The slope and the interception are very close to what we found with splines. Now we are pretty sure the interception and the slope are very close to `1.4`

and `0.40`

respectively.

## Honing the linear part

The whole *HalfVarDelta* versus *Mean* analysis is focused to get the linear part of the relationship between the *Variance* and the *Mean* values from pixel values in raw images. One way to hone the linear part of the linear regression on our observations, is including other terms (or predictors) that may help to fit better to the data. Lets explain the rationale behind this idea.

### Added variable in a Regression

When one is still learning about the interpretation of regression coefficients, a regression with more than one predictor, is often a source of confusion: When there are multiple predictors, the coefficient for each predictor —in general terms— is affected by the existence of other predictors in the model, and the coefficient for each predictor $(X_j)$ is adjusted discounting the effect of other predictors from both $(Y)$ and $(X_j)$.

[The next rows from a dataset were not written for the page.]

(* For any contraction $C\in M_n(\mathbb{C})$, the following are equivalent: (i) every level $T_j$ ($j\ge0$) of the partial isometry tower of $C$ has the Circularity property; (ii) $C$ has defect-pencil Circularity.
   Context: For $X\in M_n(\mathbb{C})$, $H_X(\theta):=\frac12(e^{-i\theta}X+e^{i\theta}X^* )$. $X$ has the Circularity property if the spectrum of $H_X(\theta)$ is independent of $\theta\in\mathbb{R}$. A contraction is a matrix with $\|C\|\le1$. A contraction $C$ has defect-pencil Circularity if for every real $\tau$ the spectrum of $H_C(\theta)+\tau(I-C^*C)$ is independent of $\theta$. For a contraction $C$: $D_C=I-C^*C$, $d=\operatorname{rank}D_C$, $B_C$ is a $d\times n$ matrix of full row rank with $B_C^*B_C=D_C$ (matrix of $D_C^{1/2}$ on $\operatorname{Im}D_C$, zero on its complement), $\mathcal{A}(C)=\begin{bmatrix}0&B_C\\0&C\end{bmatrix}$, and the partial isometry tower is $T_0=C$, $T_{j+1}=\mathcal{A}(T_j)$. *)

theory Defs
  imports "Jordan_Normal_Form.Spectral_Radius" "Jordan_Normal_Form.Schur_Decomposition" "Jordan_Normal_Form.DL_Rank"
begin

definition herm_part :: "complex mat \<Rightarrow> real \<Rightarrow> complex mat" where
  "herm_part X \<theta> = (1/2 :: complex) \<cdot>\<^sub>m
     (exp (- \<i> * of_real \<theta>) \<cdot>\<^sub>m X + exp (\<i> * of_real \<theta>) \<cdot>\<^sub>m mat_adjoint X)"

definition circularity :: "complex mat \<Rightarrow> bool" where
  "circularity X \<longleftrightarrow> (\<forall>\<theta> \<theta>'. spectrum (herm_part X \<theta>) = spectrum (herm_part X \<theta>'))"

definition contraction :: "complex mat \<Rightarrow> bool" where
  "contraction C \<longleftrightarrow> square_mat C \<and>
     (\<forall>v \<in> carrier_vec (dim_col C).
        Re ((C *\<^sub>v v) \<bullet> conjugate (C *\<^sub>v v)) \<le> Re (v \<bullet> conjugate v))"

definition defect :: "complex mat \<Rightarrow> complex mat" where
  "defect C = 1\<^sub>m (dim_col C) - mat_adjoint C * C"

definition defect_pencil_circularity :: "complex mat \<Rightarrow> bool" where
  "defect_pencil_circularity C \<longleftrightarrow>
     (\<forall>\<tau>::real. \<forall>\<theta> \<theta>'.
        spectrum (herm_part C \<theta> + complex_of_real \<tau> \<cdot>\<^sub>m defect C)
        = spectrum (herm_part C \<theta>' + complex_of_real \<tau> \<cdot>\<^sub>m defect C))"

definition mat_rank :: "complex mat \<Rightarrow> nat" where
  "mat_rank A = vec_space.rank (dim_row A) A"

definition is_defect_factor :: "complex mat \<Rightarrow> complex mat \<Rightarrow> bool" where
  "is_defect_factor C B \<longleftrightarrow>
     B \<in> carrier_mat (mat_rank (defect C)) (dim_col C) \<and>
     mat_rank B = dim_row B \<and>
     mat_adjoint B * B = defect C"

definition defect_factor :: "complex mat \<Rightarrow> complex mat" where
  "defect_factor C = (SOME B. is_defect_factor C B)"

definition tower_step :: "complex mat \<Rightarrow> complex mat" where
  "tower_step C = (let B = defect_factor C; d = dim_row B; n = dim_col C in
     four_block_mat (0\<^sub>m d d) B (0\<^sub>m n d) C)"

definition tower :: "complex mat \<Rightarrow> nat \<Rightarrow> complex mat" where
  "tower C j = (tower_step ^^ j) C"

end

theory Submission
  imports Defs "HOL-Analysis.Elementary_Normed_Spaces"
begin

(* Write p_Y(theta, s) for the characteristic polynomial of H_Y(theta) + s D_Y.  The defect of
   A(Y) = [[0, B], [0, Y]] is diag(I_d, 0), and since B^* B = D_Y a Schur complement gives
     p_A(Y)(theta, s)(z) = (z - s)^d p_Y(theta, 1/(4(z - s)))(z)     for z ~= s.
   Circularity of Y says that p_Y(theta, 0) does not depend on theta (a continuous family of
   characteristic polynomials with constant spectrum has finite range, hence is constant), and
   defect-pencil circularity says the same for every s (p_Y is polynomial in s, so real s
   suffice).  The identity carries theta-independence for all s up the tower.  Conversely, fix
   a real z >= 1: theta-independence at s = 0 on every level descends one level along
   s_(k+1) = 1/(4(z - s_k)), a strictly increasing orbit, so p_C(theta, s)(z) is
   theta-independent for infinitely many s, hence for all s.  The factor B_C itself comes from
   a Cholesky-type factorization of the positive semidefinite matrix D_C. *)

lemma mat_adjoint_dim [simp]:
  "dim_row (mat_adjoint A) = dim_col A" "dim_col (mat_adjoint A) = dim_row A"
  unfolding mat_adjoint_def by auto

We will explain this by an example. Suppose we have the $(X)$ and $(Y)$ variables, related in the following way:

\begin{equation} Y = 7 + 5\cdot X + 0.3\cdot X^2 + {\large \epsilon} \\ {\large \epsilon} ~{\sim}~ N(0,2) \nonumber \end{equation}

Which we will *generalize* saying

\begin{equation} Y = 7 + 5\cdot X_1 + 0.3\cdot X_2 + {\large \epsilon} \\ {\large \epsilon} ~{\sim}~ N(0,2) \nonumber \end{equation}

If we make a regression relating $(Y)$ only with $(X_1)$. The resulting coefficient for $(X_1)$ will be "*contaminated* by the absence" of $(X_2)$ in the model. In other words, contrary to one may think, the coefficient for $(X_1)$ will not —somehow— capture the true linear relationship between $(Y)$ and $(X_1)$.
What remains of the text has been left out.